Task to complete ▸ Starting from the first line below, repeat the data exactly through to the last.

Source data Block Start

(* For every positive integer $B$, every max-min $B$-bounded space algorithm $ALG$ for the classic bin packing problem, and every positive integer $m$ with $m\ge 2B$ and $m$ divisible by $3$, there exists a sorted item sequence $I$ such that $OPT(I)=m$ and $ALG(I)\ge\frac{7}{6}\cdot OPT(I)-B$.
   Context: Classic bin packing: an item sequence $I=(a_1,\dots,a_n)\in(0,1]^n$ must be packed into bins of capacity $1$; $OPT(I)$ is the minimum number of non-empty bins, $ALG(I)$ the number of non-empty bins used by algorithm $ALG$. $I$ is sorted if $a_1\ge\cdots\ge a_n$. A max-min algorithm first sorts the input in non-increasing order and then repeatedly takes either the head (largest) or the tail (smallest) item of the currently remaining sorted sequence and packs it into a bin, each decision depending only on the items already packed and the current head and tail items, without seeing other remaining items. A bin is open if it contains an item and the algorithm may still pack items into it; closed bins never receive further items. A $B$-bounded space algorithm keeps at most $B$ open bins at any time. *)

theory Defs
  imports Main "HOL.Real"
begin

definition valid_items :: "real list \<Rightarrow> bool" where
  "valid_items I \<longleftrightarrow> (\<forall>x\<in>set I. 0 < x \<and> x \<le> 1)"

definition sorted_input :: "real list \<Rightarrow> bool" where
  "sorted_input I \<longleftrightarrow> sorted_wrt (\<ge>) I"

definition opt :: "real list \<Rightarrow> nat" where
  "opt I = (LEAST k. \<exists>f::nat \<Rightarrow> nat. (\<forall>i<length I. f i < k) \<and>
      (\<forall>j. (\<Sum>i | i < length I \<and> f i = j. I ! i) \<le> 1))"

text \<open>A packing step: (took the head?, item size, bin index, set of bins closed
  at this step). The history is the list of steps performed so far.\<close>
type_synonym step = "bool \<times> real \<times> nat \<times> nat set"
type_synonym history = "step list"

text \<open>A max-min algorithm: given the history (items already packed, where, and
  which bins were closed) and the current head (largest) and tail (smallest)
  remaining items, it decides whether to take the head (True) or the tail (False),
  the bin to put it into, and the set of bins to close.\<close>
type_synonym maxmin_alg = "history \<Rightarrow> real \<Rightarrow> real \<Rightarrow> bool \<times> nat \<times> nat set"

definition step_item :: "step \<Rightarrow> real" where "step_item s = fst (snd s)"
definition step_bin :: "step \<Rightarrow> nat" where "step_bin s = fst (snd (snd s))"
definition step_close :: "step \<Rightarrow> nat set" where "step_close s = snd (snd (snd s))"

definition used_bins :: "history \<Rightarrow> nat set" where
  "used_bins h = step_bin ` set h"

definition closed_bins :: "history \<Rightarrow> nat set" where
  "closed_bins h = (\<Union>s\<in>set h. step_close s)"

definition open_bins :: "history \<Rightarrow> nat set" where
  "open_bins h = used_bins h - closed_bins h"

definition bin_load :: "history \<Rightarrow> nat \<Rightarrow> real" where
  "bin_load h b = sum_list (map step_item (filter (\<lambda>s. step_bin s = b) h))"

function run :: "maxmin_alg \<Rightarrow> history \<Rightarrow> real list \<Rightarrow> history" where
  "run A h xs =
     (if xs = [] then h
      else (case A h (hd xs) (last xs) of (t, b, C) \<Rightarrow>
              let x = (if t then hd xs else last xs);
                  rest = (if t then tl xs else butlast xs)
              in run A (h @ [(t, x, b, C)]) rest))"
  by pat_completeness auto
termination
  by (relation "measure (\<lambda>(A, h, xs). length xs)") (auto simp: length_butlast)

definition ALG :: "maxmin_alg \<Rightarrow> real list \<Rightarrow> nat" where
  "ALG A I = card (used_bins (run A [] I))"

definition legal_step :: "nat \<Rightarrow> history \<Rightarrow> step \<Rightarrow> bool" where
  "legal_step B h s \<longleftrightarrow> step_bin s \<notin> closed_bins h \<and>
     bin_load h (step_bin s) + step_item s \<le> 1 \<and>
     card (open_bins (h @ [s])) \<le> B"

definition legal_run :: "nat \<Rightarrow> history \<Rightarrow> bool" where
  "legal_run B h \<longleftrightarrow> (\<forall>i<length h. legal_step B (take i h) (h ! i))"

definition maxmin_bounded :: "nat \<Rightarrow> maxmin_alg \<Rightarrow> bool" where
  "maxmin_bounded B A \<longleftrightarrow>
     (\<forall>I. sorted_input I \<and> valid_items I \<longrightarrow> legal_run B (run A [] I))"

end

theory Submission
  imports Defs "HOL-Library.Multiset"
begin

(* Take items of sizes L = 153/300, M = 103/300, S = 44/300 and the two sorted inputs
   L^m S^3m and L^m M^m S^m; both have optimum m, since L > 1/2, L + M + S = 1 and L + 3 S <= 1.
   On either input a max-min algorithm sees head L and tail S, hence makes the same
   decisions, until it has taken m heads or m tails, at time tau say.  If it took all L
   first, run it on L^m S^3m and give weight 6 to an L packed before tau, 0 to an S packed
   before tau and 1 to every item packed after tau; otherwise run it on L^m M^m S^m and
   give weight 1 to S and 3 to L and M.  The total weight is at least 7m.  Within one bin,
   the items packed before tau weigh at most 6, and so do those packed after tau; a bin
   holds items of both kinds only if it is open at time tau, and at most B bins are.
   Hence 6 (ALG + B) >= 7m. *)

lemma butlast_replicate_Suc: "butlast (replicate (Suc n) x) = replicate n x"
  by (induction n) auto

Source data Block End

Reply ▸
(* For every positive integer $B$, every max-min $B$-bounded space algorithm $ALG$ for the classic bin packing problem, and every positive integer $m$ with $m\ge 2B$ and $m$ divisible by $3$, there exists a sorted item sequence $I$ such that $OPT(I)=m$ and $ALG(I)\ge\frac{7}{6}\cdot OPT(I)-B$.
   Context: Classic bin packing: an item sequence $I=(a_1,\dots,a_n)\in(0,1]^n$ must be packed into bins of capacity $1$; $OPT(I)$ is the minimum number of non-empty bins, $ALG(I)$ the number of non-empty bins used by algorithm $ALG$. $I$ is sorted if $a_1\ge\cdots\ge a_n$. A max-min algorithm first sorts the input in non-increasing order and then repeatedly takes either the head (largest) or the tail (smallest) item of the currently remaining sorted sequence and packs it into a bin, each decision depending only on the items already packed and the current head and tail items, without seeing other remaining items. A bin is open if it contains an item and the algorithm may still pack items into it; closed bins never receive further items. A $B$-bounded space algorithm keeps at most $B$ open bins at any time. *)

theory Defs
  imports Main "HOL.Real"
begin

definition valid_items :: "real list \<Rightarrow> bool" where
  "valid_items I \<longleftrightarrow> (\<forall>x\<in>set I. 0 < x \<and> x \<le> 1)"

definition sorted_input :: "real list \<Rightarrow> bool" where
  "sorted_input I \<longleftrightarrow> sorted_wrt (\<ge>) I"

definition opt :: "real list \<Rightarrow> nat" where
  "opt I = (LEAST k. \<exists>f::nat \<Rightarrow> nat. (\<forall>i<length I. f i < k) \<and>
      (\<forall>j. (\<Sum>i | i < length I \<and> f i = j. I ! i) \<le> 1))"

text \<open>A packing step: (took the head?, item size, bin index, set of bins closed
  at this step). The history is the list of steps performed so far.\<close>
type_synonym step = "bool \<times> real \<times> nat \<times> nat set"
type_synonym history = "step list"

text \<open>A max-min algorithm: given the history (items already packed, where, and
  which bins were closed) and the current head (largest) and tail (smallest)
  remaining items, it decides whether to take the head (True) or the tail (False),
  the bin to put it into, and the set of bins to close.\<close>
type_synonym maxmin_alg = "history \<Rightarrow> real \<Rightarrow> real \<Rightarrow> bool \<times> nat \<times> nat set"

definition step_item :: "step \<Rightarrow> real" where "step_item s = fst (snd s)"
definition step_bin :: "step \<Rightarrow> nat" where "step_bin s = fst (snd (snd s))"
definition step_close :: "step \<Rightarrow> nat set" where "step_close s = snd (snd (snd s))"

definition used_bins :: "history \<Rightarrow> nat set" where
  "used_bins h = step_bin ` set h"

definition closed_bins :: "history \<Rightarrow> nat set" where
  "closed_bins h = (\<Union>s\<in>set h. step_close s)"

definition open_bins :: "history \<Rightarrow> nat set" where
  "open_bins h = used_bins h - closed_bins h"

definition bin_load :: "history \<Rightarrow> nat \<Rightarrow> real" where
  "bin_load h b = sum_list (map step_item (filter (\<lambda>s. step_bin s = b) h))"

function run :: "maxmin_alg \<Rightarrow> history \<Rightarrow> real list \<Rightarrow> history" where
  "run A h xs =
     (if xs = [] then h
      else (case A h (hd xs) (last xs) of (t, b, C) \<Rightarrow>
              let x = (if t then hd xs else last xs);
                  rest = (if t then tl xs else butlast xs)
              in run A (h @ [(t, x, b, C)]) rest))"
  by pat_completeness auto
termination
  by (relation "measure (\<lambda>(A, h, xs). length xs)") (auto simp: length_butlast)

definition ALG :: "maxmin_alg \<Rightarrow> real list \<Rightarrow> nat" where
  "ALG A I = card (used_bins (run A [] I))"

definition legal_step :: "nat \<Rightarrow> history \<Rightarrow> step \<Rightarrow> bool" where
  "legal_step B h s \<longleftrightarrow> step_bin s \<notin> closed_bins h \<and>
     bin_load h (step_bin s) + step_item s \<le> 1 \<and>
     card (open_bins (h @ [s])) \<le> B"

definition legal_run :: "nat \<Rightarrow> history \<Rightarrow> bool" where
  "legal_run B h \<longleftrightarrow> (\<forall>i<length h. legal_step B (take i h) (h ! i))"

definition maxmin_bounded :: "nat \<Rightarrow> maxmin_alg \<Rightarrow> bool" where
  "maxmin_bounded B A \<longleftrightarrow>
     (\<forall>I. sorted_input I \<and> valid_items I \<longrightarrow> legal_run B (run A [] I))"

end

theory Submission
  imports Defs "HOL-Library.Multiset"
begin

(* Take items of sizes L = 153/300, M = 103/300, S = 44/300 and the two sorted inputs
   L^m S^3m and L^m M^m S^m; both have optimum m, since L > 1/2, L + M + S = 1 and L + 3 S <= 1.
   On either input a max-min algorithm sees head L and tail S, hence makes the same
   decisions, until it has taken m heads or m tails, at time tau say.  If it took all L
   first, run it on L^m S^3m and give weight 6 to an L packed before tau, 0 to an S packed
   before tau and 1 to every item packed after tau; otherwise run it on L^m M^m S^m and
   give weight 1 to S and 3 to L and M.  The total weight is at least 7m.  Within one bin,
   the items packed before tau weigh at most 6, and so do those packed after tau; a bin
   holds items of both kinds only if it is open at time tau, and at most B bins are.
   Hence 6 (ALG + B) >= 7m. *)

lemma butlast_replicate_Suc: "butlast (replicate (Suc n) x) = replicate n x"
  by (induction n) auto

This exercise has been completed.